### Exercise brief
Write each of the records out again exactly.

+++ Data section

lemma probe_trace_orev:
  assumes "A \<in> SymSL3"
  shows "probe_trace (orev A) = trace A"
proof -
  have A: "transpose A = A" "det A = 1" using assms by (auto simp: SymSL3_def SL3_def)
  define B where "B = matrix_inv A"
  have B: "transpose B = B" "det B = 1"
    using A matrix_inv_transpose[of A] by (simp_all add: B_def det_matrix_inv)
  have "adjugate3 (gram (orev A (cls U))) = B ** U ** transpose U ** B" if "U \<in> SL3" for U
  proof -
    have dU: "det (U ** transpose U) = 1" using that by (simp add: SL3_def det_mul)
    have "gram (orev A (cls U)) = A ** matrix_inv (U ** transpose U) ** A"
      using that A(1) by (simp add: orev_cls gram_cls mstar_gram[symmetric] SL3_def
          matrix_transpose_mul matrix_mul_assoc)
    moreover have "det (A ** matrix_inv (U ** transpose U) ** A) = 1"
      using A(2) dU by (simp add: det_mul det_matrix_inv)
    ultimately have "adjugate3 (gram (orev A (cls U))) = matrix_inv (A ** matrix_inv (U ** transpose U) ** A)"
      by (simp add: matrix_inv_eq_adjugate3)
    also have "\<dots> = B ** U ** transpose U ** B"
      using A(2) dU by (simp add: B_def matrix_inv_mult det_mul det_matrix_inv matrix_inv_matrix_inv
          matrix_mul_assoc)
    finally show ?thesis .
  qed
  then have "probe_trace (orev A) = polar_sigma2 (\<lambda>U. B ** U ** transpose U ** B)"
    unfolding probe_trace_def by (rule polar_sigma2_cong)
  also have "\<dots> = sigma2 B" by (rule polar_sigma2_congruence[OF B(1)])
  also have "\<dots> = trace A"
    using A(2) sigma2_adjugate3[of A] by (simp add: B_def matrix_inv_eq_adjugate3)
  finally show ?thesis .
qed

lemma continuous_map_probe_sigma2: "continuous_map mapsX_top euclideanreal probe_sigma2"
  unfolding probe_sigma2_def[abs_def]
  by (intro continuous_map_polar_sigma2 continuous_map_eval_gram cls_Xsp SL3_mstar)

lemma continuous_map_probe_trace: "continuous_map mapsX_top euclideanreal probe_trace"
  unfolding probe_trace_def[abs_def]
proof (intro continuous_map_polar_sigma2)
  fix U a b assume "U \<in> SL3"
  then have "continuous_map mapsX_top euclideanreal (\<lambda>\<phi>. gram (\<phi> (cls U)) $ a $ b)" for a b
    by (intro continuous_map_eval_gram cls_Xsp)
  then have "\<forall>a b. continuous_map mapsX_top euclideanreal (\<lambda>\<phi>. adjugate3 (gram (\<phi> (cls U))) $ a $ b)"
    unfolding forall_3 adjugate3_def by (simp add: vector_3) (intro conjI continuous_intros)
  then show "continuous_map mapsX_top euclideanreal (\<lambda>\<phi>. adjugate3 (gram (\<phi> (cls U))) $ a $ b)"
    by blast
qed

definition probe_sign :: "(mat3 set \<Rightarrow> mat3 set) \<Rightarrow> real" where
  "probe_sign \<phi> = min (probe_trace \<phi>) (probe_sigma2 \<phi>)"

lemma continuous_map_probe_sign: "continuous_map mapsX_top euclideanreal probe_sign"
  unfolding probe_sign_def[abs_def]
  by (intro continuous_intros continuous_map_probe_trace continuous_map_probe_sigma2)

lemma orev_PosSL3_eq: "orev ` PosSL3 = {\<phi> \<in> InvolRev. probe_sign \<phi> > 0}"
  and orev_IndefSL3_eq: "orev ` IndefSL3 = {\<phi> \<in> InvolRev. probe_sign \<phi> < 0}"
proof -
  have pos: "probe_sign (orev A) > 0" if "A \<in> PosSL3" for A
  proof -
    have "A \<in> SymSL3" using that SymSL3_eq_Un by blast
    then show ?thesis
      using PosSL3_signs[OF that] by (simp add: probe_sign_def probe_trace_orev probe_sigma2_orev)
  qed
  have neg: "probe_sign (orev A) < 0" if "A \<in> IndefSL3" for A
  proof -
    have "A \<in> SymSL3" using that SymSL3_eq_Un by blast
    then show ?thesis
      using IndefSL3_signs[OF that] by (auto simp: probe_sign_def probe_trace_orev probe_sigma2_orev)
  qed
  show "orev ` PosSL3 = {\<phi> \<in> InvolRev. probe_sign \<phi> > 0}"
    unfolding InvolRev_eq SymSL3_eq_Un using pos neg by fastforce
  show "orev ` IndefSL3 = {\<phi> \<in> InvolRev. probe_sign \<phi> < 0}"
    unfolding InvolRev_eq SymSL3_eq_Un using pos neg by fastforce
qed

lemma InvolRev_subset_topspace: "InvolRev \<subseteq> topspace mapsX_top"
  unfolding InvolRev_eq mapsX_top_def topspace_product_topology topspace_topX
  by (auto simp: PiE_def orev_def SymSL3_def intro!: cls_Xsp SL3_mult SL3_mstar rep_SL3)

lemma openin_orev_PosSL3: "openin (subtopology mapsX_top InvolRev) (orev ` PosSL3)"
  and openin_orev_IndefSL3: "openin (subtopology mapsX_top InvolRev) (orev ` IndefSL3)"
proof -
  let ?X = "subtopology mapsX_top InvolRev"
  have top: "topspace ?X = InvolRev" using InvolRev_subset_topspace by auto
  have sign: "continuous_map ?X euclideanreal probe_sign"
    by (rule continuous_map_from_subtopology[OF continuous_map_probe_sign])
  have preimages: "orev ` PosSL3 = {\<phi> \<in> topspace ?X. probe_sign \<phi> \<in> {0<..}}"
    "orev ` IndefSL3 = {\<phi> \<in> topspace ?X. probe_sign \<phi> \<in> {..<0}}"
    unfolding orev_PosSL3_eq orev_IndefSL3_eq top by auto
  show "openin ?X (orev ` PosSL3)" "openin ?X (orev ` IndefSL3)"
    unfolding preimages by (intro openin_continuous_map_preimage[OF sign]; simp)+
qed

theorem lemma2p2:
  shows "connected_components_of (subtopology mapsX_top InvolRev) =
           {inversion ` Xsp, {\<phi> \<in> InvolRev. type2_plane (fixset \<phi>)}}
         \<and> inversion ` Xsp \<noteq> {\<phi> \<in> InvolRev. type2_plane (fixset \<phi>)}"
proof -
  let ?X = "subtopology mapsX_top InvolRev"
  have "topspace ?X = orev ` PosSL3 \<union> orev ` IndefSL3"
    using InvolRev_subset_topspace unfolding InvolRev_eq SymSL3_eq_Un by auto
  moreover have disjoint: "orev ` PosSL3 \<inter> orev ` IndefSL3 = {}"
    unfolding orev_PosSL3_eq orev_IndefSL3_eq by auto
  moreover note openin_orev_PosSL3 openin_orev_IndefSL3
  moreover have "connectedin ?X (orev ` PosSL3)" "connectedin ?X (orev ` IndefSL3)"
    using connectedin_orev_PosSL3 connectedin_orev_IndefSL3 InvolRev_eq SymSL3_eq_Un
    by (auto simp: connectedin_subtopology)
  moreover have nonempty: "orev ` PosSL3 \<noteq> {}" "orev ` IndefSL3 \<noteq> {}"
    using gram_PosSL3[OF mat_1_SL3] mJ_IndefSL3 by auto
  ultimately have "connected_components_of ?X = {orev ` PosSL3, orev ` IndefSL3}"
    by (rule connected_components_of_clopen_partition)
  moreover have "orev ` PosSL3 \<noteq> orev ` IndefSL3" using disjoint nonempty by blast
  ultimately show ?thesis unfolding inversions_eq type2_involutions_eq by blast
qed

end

++++++

### Answer to the problem
lemma probe_trace_orev:
  assumes "A \<in> SymSL3"
  shows "probe_trace (orev A) = trace A"
proof -
  have A: "transpose A = A" "det A = 1" using assms by (auto simp: SymSL3_def SL3_def)
  define B where "B = matrix_inv A"
  have B: "transpose B = B" "det B = 1"
    using A matrix_inv_transpose[of A] by (simp_all add: B_def det_matrix_inv)
  have "adjugate3 (gram (orev A (cls U))) = B ** U ** transpose U ** B" if "U \<in> SL3" for U
  proof -
    have dU: "det (U ** transpose U) = 1" using that by (simp add: SL3_def det_mul)
    have "gram (orev A (cls U)) = A ** matrix_inv (U ** transpose U) ** A"
      using that A(1) by (simp add: orev_cls gram_cls mstar_gram[symmetric] SL3_def
          matrix_transpose_mul matrix_mul_assoc)
    moreover have "det (A ** matrix_inv (U ** transpose U) ** A) = 1"
      using A(2) dU by (simp add: det_mul det_matrix_inv)
    ultimately have "adjugate3 (gram (orev A (cls U))) = matrix_inv (A ** matrix_inv (U ** transpose U) ** A)"
      by (simp add: matrix_inv_eq_adjugate3)
    also have "\<dots> = B ** U ** transpose U ** B"
      using A(2) dU by (simp add: B_def matrix_inv_mult det_mul det_matrix_inv matrix_inv_matrix_inv
          matrix_mul_assoc)
    finally show ?thesis .
  qed
  then have "probe_trace (orev A) = polar_sigma2 (\<lambda>U. B ** U ** transpose U ** B)"
    unfolding probe_trace_def by (rule polar_sigma2_cong)
  also have "\<dots> = sigma2 B" by (rule polar_sigma2_congruence[OF B(1)])
  also have "\<dots> = trace A"
    using A(2) sigma2_adjugate3[of A] by (simp add: B_def matrix_inv_eq_adjugate3)
  finally show ?thesis .
qed

lemma continuous_map_probe_sigma2: "continuous_map mapsX_top euclideanreal probe_sigma2"
  unfolding probe_sigma2_def[abs_def]
  by (intro continuous_map_polar_sigma2 continuous_map_eval_gram cls_Xsp SL3_mstar)

lemma continuous_map_probe_trace: "continuous_map mapsX_top euclideanreal probe_trace"
  unfolding probe_trace_def[abs_def]
proof (intro continuous_map_polar_sigma2)
  fix U a b assume "U \<in> SL3"
  then have "continuous_map mapsX_top euclideanreal (\<lambda>\<phi>. gram (\<phi> (cls U)) $ a $ b)" for a b
    by (intro continuous_map_eval_gram cls_Xsp)
  then have "\<forall>a b. continuous_map mapsX_top euclideanreal (\<lambda>\<phi>. adjugate3 (gram (\<phi> (cls U))) $ a $ b)"
    unfolding forall_3 adjugate3_def by (simp add: vector_3) (intro conjI continuous_intros)
  then show "continuous_map mapsX_top euclideanreal (\<lambda>\<phi>. adjugate3 (gram (\<phi> (cls U))) $ a $ b)"
    by blast
qed

definition probe_sign :: "(mat3 set \<Rightarrow> mat3 set) \<Rightarrow> real" where
  "probe_sign \<phi> = min (probe_trace \<phi>) (probe_sigma2 \<phi>)"

lemma continuous_map_probe_sign: "continuous_map mapsX_top euclideanreal probe_sign"
  unfolding probe_sign_def[abs_def]
  by (intro continuous_intros continuous_map_probe_trace continuous_map_probe_sigma2)

lemma orev_PosSL3_eq: "orev ` PosSL3 = {\<phi> \<in> InvolRev. probe_sign \<phi> > 0}"
  and orev_IndefSL3_eq: "orev ` IndefSL3 = {\<phi> \<in> InvolRev. probe_sign \<phi> < 0}"
proof -
  have pos: "probe_sign (orev A) > 0" if "A \<in> PosSL3" for A
  proof -
    have "A \<in> SymSL3" using that SymSL3_eq_Un by blast
    then show ?thesis
      using PosSL3_signs[OF that] by (simp add: probe_sign_def probe_trace_orev probe_sigma2_orev)
  qed
  have neg: "probe_sign (orev A) < 0" if "A \<in> IndefSL3" for A
  proof -
    have "A \<in> SymSL3" using that SymSL3_eq_Un by blast
    then show ?thesis
      using IndefSL3_signs[OF that] by (auto simp: probe_sign_def probe_trace_orev probe_sigma2_orev)
  qed
  show "orev ` PosSL3 = {\<phi> \<in> InvolRev. probe_sign \<phi> > 0}"
    unfolding InvolRev_eq SymSL3_eq_Un using pos neg by fastforce
  show "orev ` IndefSL3 = {\<phi> \<in> InvolRev. probe_sign \<phi> < 0}"
    unfolding InvolRev_eq SymSL3_eq_Un using pos neg by fastforce
qed

lemma InvolRev_subset_topspace: "InvolRev \<subseteq> topspace mapsX_top"
  unfolding InvolRev_eq mapsX_top_def topspace_product_topology topspace_topX
  by (auto simp: PiE_def orev_def SymSL3_def intro!: cls_Xsp SL3_mult SL3_mstar rep_SL3)

lemma openin_orev_PosSL3: "openin (subtopology mapsX_top InvolRev) (orev ` PosSL3)"
  and openin_orev_IndefSL3: "openin (subtopology mapsX_top InvolRev) (orev ` IndefSL3)"
proof -
  let ?X = "subtopology mapsX_top InvolRev"
  have top: "topspace ?X = InvolRev" using InvolRev_subset_topspace by auto
  have sign: "continuous_map ?X euclideanreal probe_sign"
    by (rule continuous_map_from_subtopology[OF continuous_map_probe_sign])
  have preimages: "orev ` PosSL3 = {\<phi> \<in> topspace ?X. probe_sign \<phi> \<in> {0<..}}"
    "orev ` IndefSL3 = {\<phi> \<in> topspace ?X. probe_sign \<phi> \<in> {..<0}}"
    unfolding orev_PosSL3_eq orev_IndefSL3_eq top by auto
  show "openin ?X (orev ` PosSL3)" "openin ?X (orev ` IndefSL3)"
    unfolding preimages by (intro openin_continuous_map_preimage[OF sign]; simp)+
qed

theorem lemma2p2:
  shows "connected_components_of (subtopology mapsX_top InvolRev) =
           {inversion ` Xsp, {\<phi> \<in> InvolRev. type2_plane (fixset \<phi>)}}
         \<and> inversion ` Xsp \<noteq> {\<phi> \<in> InvolRev. type2_plane (fixset \<phi>)}"
proof -
  let ?X = "subtopology mapsX_top InvolRev"
  have "topspace ?X = orev ` PosSL3 \<union> orev ` IndefSL3"
    using InvolRev_subset_topspace unfolding InvolRev_eq SymSL3_eq_Un by auto
  moreover have disjoint: "orev ` PosSL3 \<inter> orev ` IndefSL3 = {}"
    unfolding orev_PosSL3_eq orev_IndefSL3_eq by auto
  moreover note openin_orev_PosSL3 openin_orev_IndefSL3
  moreover have "connectedin ?X (orev ` PosSL3)" "connectedin ?X (orev ` IndefSL3)"
    using connectedin_orev_PosSL3 connectedin_orev_IndefSL3 InvolRev_eq SymSL3_eq_Un
    by (auto simp: connectedin_subtopology)
  moreover have nonempty: "orev ` PosSL3 \<noteq> {}" "orev ` IndefSL3 \<noteq> {}"
    using gram_PosSL3[OF mat_1_SL3] mJ_IndefSL3 by auto
  ultimately have "connected_components_of ?X = {orev ` PosSL3, orev ` IndefSL3}"
    by (rule connected_components_of_clopen_partition)
  moreover have "orev ` PosSL3 \<noteq> orev ` IndefSL3" using disjoint nonempty by blast
  ultimately show ?thesis unfolding inversions_eq type2_involutions_eq by blast
qed

end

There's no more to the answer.